Taking into consideration the long-term growth prospects of the technology sector, combined with the UK’s leading expertise across growth areas such as e-commerce and financial technology, there are considerable opportunities for savvy investors.

Through the Enterprise Investment Scheme (EIS) and its younger sister, the Seed Enterprise Investment Scheme (SEIS), investors have the opportunity to gain access to high-growth UK technology businesses while potentially mitigating a high degree of the associated capital risk and enhancing total returns.

This is achieved via a strategic combination of upfront income relief, exemption from capital gains tax on investment returns – assuming shares are held for a minimum of three years – and loss relief should the business fail or shares reduce in value.

Private investors without significant investment capital or experience can access high-growth and tax-efficient technology opportunities through an EIS/SEIS portfolio. This has a number of key advantages.

A primary benefit is the potential it offers for diversification, whereby investors can spread their risk across a range of EIS/SEIS-qualifying companies. These firms have each been scrutinised by sector specialists, who have the market knowledge to build a balanced portfolio with the requisite breadth and depth to reduce portfolio risk without compromising growth.

In addition, the tax advantages can be maximised through a portfolio strategy, whereby investors can potentially offset any losses from individual companies, regardless of the success of the overall portfolio, which can serve to increase total investment returns.

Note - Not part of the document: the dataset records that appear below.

lemma bruhat_step_posI_le:
  assumes "bruhat_step m N f g" "\<forall>k\<in>posI N. f k \<le> v"
  shows "\<forall>k\<in>posI N. g k \<le> v"
  using assms(1) unfolding bruhat_step_def
proof (elim disjE exE conjE)
  fix i j assume i: "i \<in> negI m" and j: "j \<in> posI N" and g: "g = (\<lambda>k. f k - dvec i k + dvec j k)"
  have "k \<noteq> i" "j > 0" if "k \<in> posI N" for k
    using i j that by (auto simp: posI_def negI_def)
  then show ?thesis using assms(2) by (auto simp: g dvec_def)
qed (use assms(2) negI_posI_disjoint in \<open>auto simp: swapf_def\<close>)

lemma bruhat_gt_weight_le: "bruhat_gt m N f g \<Longrightarrow> weight m N g \<le> weight m N f"
  unfolding bruhat_gt_def
  by (induction rule: tranclp_induct) (auto dest: bruhat_step_weight_le)

lemma bruhat_gt_posI_le:
  "bruhat_gt m N f g \<Longrightarrow> \<forall>k\<in>posI N. f k \<le> v \<Longrightarrow> \<forall>k\<in>posI N. g k \<le> v"
  unfolding bruhat_gt_def
  by (induction rule: tranclp_induct) (auto dest: bruhat_step_posI_le)

section \<open>Appending a value at position n + 1\<close>

definition extend :: "nat \<Rightarrow> (int \<Rightarrow> int) \<Rightarrow> int \<Rightarrow> (int \<Rightarrow> int)" where
  "extend n g c = g(int n + 1 := c)"

lemma extend_Zp:
  assumes g: "g \<in> Zp m n" and c: "\<forall>t\<in>Tset n g. t < c"
  shows "extend n g c \<in> Zp m (Suc n)"
proof -
  have "extend n g c i < extend n g c j"
    if "i \<in> posI (Suc n)" "j \<in> posI (Suc n)" "i < j" for i j
  proof (cases "j = int n + 1")
    case True
    then have "i \<in> posI n" using that by (auto simp: posI_def)
    then show ?thesis using True c that by (auto simp: extend_def Tset_def)
  next
    case False
    then have "i \<in> posI n" "j \<in> posI n" using that by (auto simp: posI_def)
    then show ?thesis using g that by (auto simp: extend_def Zp_def posI_def)
  qed
  then show ?thesis
    using g by (auto simp: Zp_def Zfun_def extend_def Iset_Suc)
qed

lemma Sset_extend [simp]: "Sset m (extend n g c) = Sset m g"
  unfolding Sset_def extend_def by (intro image_cong) auto

lemma Tset_extend [simp]: "Tset (Suc n) (extend n g c) = insert c (Tset n g)"
proof -
  have "extend n g c ` posI n = g ` posI n"
    unfolding extend_def by (intro image_cong) auto
  then show ?thesis unfolding Tset_def posI_Suc by (simp add: extend_def)
qed

lemma replV_extend: "replV m (extend n g c) a a' = extend n (replV m g a a') c"
  unfolding replV_def extend_def by (auto simp: fun_eq_iff)

lemma replW_extend: "a \<noteq> c \<Longrightarrow> replW (Suc n) (extend n g c) a a' = extend n (replW n g a a') c"
  unfolding replW_def extend_def by (auto simp: fun_eq_iff posI_Suc)

lemma replW_extend_top: "c \<notin> Tset n g \<Longrightarrow> replW (Suc n) (extend n g c) c a' = extend n g a'"
  unfolding replW_def extend_def Tset_def by (auto simp: fun_eq_iff posI_Suc)
lemma network_feasible_seq:
  assumes net: "network V E c" and "connected_net V E" and "\<forall>(u, v)\<in>set R. u \<in> V \<and> v \<in> V"
  shows "\<exists>es. feasible_seq E R es"
proof -
  obtain es where es: "set es = E" "distinct es"
    using finite_distinct_list[OF network_finite_edges[OF net]] by blast
  have "joined (set es) u v" if "(u, v) \<in> set R" for u v
    using assms(2,3) that es(1) unfolding connected_net_def by auto
  with es show ?thesis unfolding feasible_seq_def by auto
qed

lemma mem_set_take_linear:
  "(\<forall>k. b \<in> set (take k xs) \<longrightarrow> a \<in> set (take k xs)) \<or> (\<forall>k. a \<in> set (take k xs) \<longrightarrow> b \<in> set (take k xs))"
  by (metis nat_le_linear set_take_subset_set_take subsetD)

lemma sum_replace_pair_le:
  fixes c :: "'b \<Rightarrow> real"
  assumes "finite P" "\<And>f. f \<in> P \<Longrightarrow> 0 \<le> c f" "0 \<le> c h" "f1 \<noteq> f2"
    and "f2 \<in> P \<Longrightarrow> f1 \<in> P" "c h \<le> c f1 + c f2"
  shows "sum c ((\<lambda>f. if f = f2 then h else f) ` (P - {f1})) \<le> sum c P"
proof -
  define g where "g f = (if f = f2 then h else f)" for f
  have "sum c (g ` (P - {f1})) \<le> sum (c \<circ> g) (P - {f1})"
    by (rule sum_image_le) (use assms(1-3) in \<open>auto simp: g_def\<close>)
  also have "\<dots> \<le> sum c P"
  proof (cases "f2 \<in> P")
    case True
    let ?Q = "P - {f1} - {f2}"
    have "sum (c \<circ> g) ?Q = sum c ?Q" by (rule sum.cong) (auto simp: g_def)
    moreover have "sum (c \<circ> g) (P - {f1}) = c h + sum (c \<circ> g) ?Q"
      using True assms(1,4) by (subst sum.remove[of _ f2]) (auto simp: g_def)
    moreover have "sum c P = c f1 + c f2 + sum c ?Q"
      using True assms(1,4,5) by (simp add: sum.remove[of P f1] sum.remove[of "P - {f1}" f2])
    ultimately show ?thesis using assms(6) by simp
  next
    case False
    then have "sum (c \<circ> g) (P - {f1}) = sum c (P - {f1})" by (intro sum.cong) (auto simp: g_def)
    also have "\<dots> \<le> sum c P" using assms(1,2) by (intro sum_mono2) auto
    finally show ?thesis .
  qed
  finally show ?thesis unfolding g_def .
qed

lemma keeps_pace_expand_walks:
  assumes walks: "\<And>f. f \<in> set hs \<Longrightarrow>
      is_walk E (W f) \<and> {hd (W f), last (W f)} = f \<and> c' f = walk_len c (W f)"
    and nonneg: "\<forall>e\<in>E. 0 \<le> c e"
  shows "keeps_pace R c (nub {} (concat (map (walk_edges \<circ> W) hs))) c' hs"
proof (rule keeps_pace_substitute)
  fix k u v assume "joined (set (take k hs)) u v"
  then show "joined (set (concat (map (walk_edges \<circ> W) (take k hs)))) u v"
  proof (rule joined_subst)
    fix s t assume st: "{s, t} \<in> set (take k hs)"
    then have "{s, t} \<in> set hs" by (rule in_set_takeD)
    then have "is_walk E (W {s, t})" "{hd (W {s, t}), last (W {s, t})} = {s, t}"
      using walks by blast+
    then have "joined (set (walk_edges (W {s, t}))) s t"
      using joined_walk_ends[OF is_walk_walk_edges] joined_doubleton by metis
    then show "joined (set (concat (map (walk_edges \<circ> W) (take k hs)))) s t"
      by (rule joined_mono) (use st in auto)
  qed
next
  fix k
  have "sum c (set (concat (map (walk_edges \<circ> W) (take k hs))))
      \<le> sum_list (map c (concat (map (walk_edges \<circ> W) (take k hs))))"
    using walks walk_edges_subset nonneg by (intro sum_set_le_sum_list) (fastforce dest: in_set_takeD)
  also have "\<dots> = sum_list (map (\<lambda>f. walk_len c (W f)) (take k hs))"
    by (simp add: sum_list_map_concat walk_len_eq_sum_list comp_def)
  also have "\<dots> = comp_time c' hs k"
    unfolding comp_time_def using walks by (metis (no_types, lifting) in_set_takeD map_eq_conv)
  finally show "sum c (set (concat (map (walk_edges \<circ> W) (take k hs)))) \<le> comp_time c' hs k" .
qed

section \<open>Optimal values in G and in its metric closure\<close>

lemma hat_feasible_seq:
  assumes "network V E c" "connected_net V E" "\<forall>(u, v)\<in>set R. u \<in> V \<and> v \<in> V"
  shows "\<exists>es. feasible_seq (hat_E V) R es"
  using network_feasible_seq[OF assms] feasible_seq_mono network_subset_hat_E[OF assms(1)] by blast

lemma Zstar_hat_le_Zstar:
  assumes net: "network V E c" and con: "connected_net V E"
    and pairs: "\<forall>(u, v)\<in>set R. u \<in> V \<and> v \<in> V" and mono: "monotone_obj (length R) \<Phi>"
  shows "Zstar (hat_E V) (hat_c E c) R \<Phi> \<le> Zstar E c R \<Phi>"
proof -
  have finite: "finite (hat_E V)" using net by (rule network_finite_hat_E)
  have sub: "E \<subseteq> hat_E V" using net by (rule network_subset_hat_E)
  obtain es0 where "feasible_seq E R es0" using network_feasible_seq[OF assms(1-3)] by blast
  then show ?thesis
  proof (rule Zstar_greatest)
    fix es assume es: "feasible_seq E R es"
    have "comp_time (hat_c E c) es k \<le> comp_time c es k" for k
      unfolding comp_time_def using es hat_c_le[OF net con]
      by (intro sum_list_mono) (auto simp: feasible_seq_def dest: in_set_takeD)
    then have "keeps_pace R (hat_c E c) es c es" unfolding keeps_pace_def by blast
    then have "\<Phi> (conn_times (hat_c E c) R es) \<le> \<Phi> (conn_times c R es)"
      using keeps_pace_objective_le(2)[OF mono es] es sub hat_c_nonneg[OF net con]
      unfolding feasible_seq_def by blast
    moreover have "feasible_seq (hat_E V) R es" using es sub by (rule feasible_seq_mono)
    ultimately show "Zstar (hat_E V) (hat_c E c) R \<Phi> \<le> \<Phi> (conn_times c R es)"
      using Zstar_le[OF finite] by (meson order_trans)
  qed
qed
lemma reach_fun_geI:
  assumes "0 < d" "unique_nearest C (x + d *\<^sub>R u) x"
  shows "ereal d \<le> reach_fun C x u"
  unfolding reach_fun_def using assms by (intro Sup_upper) blast

definition reach_at_least :: "'a::euclidean_space set \<Rightarrow> real \<Rightarrow> ('a \<times> 'a) set" where
  "reach_at_least C d = {(x, u). unique_nearest C (x + d *\<^sub>R u) x}"

definition local_par_set :: "'a::euclidean_space set \<Rightarrow> ('a \<times> 'a) set \<Rightarrow> real \<Rightarrow> 'a set" where
  "local_par_set C \<Phi> e = {z \<in> unique_proj_dom C - C. dist z (metric_proj C z) \<le> e \<and>
      (metric_proj C z, (z - metric_proj C z) /\<^sub>R norm (z - metric_proj C z)) \<in> \<Phi>}"

lemma reach_at_least_borel:
  fixes C :: "'a::euclidean_space set"
  assumes "compact C" "C \<noteq> {}"
  shows "reach_at_least C d \<in> sets borel"
proof -
  have [measurable]: "metric_proj C \<in> borel_measurable borel" "unique_proj_dom C \<in> sets borel"
    using assms by (rule metric_proj_borel unique_proj_dom_borel)+
  have "reach_at_least C d = {p \<in> space (borel \<Otimes>\<^sub>M borel).
      fst p + d *\<^sub>R snd p \<in> unique_proj_dom C \<and> metric_proj C (fst p + d *\<^sub>R snd p) = fst p}"
    by (auto simp: reach_at_least_def unique_nearest_iff_metric_proj space_pair_measure)
  also have "\<dots> \<in> sets (borel \<Otimes>\<^sub>M borel)" by measurable
  finally show ?thesis unfolding borel_prod .
qed

lemma local_par_set_borel:
  fixes C :: "'a::euclidean_space set"
  assumes "compact C" "C \<noteq> {}" "\<Phi> \<in> sets borel"
  shows "local_par_set C \<Phi> e \<in> sets borel"
proof -
  have [measurable]: "metric_proj C \<in> borel_measurable borel" "unique_proj_dom C \<in> sets borel"
    "C \<in> sets borel" "\<Phi> \<in> sets borel"
    using assms by (auto intro: metric_proj_borel unique_proj_dom_borel borel_compact)
  have "local_par_set C \<Phi> e = {z \<in> space borel. z \<in> unique_proj_dom C \<and> z \<notin> C \<and>
      dist z (metric_proj C z) \<le> e \<and>
      (metric_proj C z, (z - metric_proj C z) /\<^sub>R norm (z - metric_proj C z)) \<in> \<Phi>}"
    by (auto simp: local_par_set_def)
  also have "\<dots> \<in> sets borel" by measurable
  finally show ?thesis .
qed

The experience and expertise of the fund manager is a critical factor in any EIS/SEIS investment. However, this is especially true of early-stage technology businesses, which often need active investors since founders tend to be technologists first and business people second.

Fund managers with access to high-quality personnel with hands-on experience and specialist skill sets across key technology sectors can significantly accelerate the growth and trajectory of each portfolio company, offering informed guidance and support – something a generalist investor cannot.

Deal flow is also crucial to the success of an SEIS and EIS investment. Companies most likely to succeed will be reasonably well established, with strong revenue growth prospects, proven commercial traction and defensible market positions. Can your manager unearth these companies?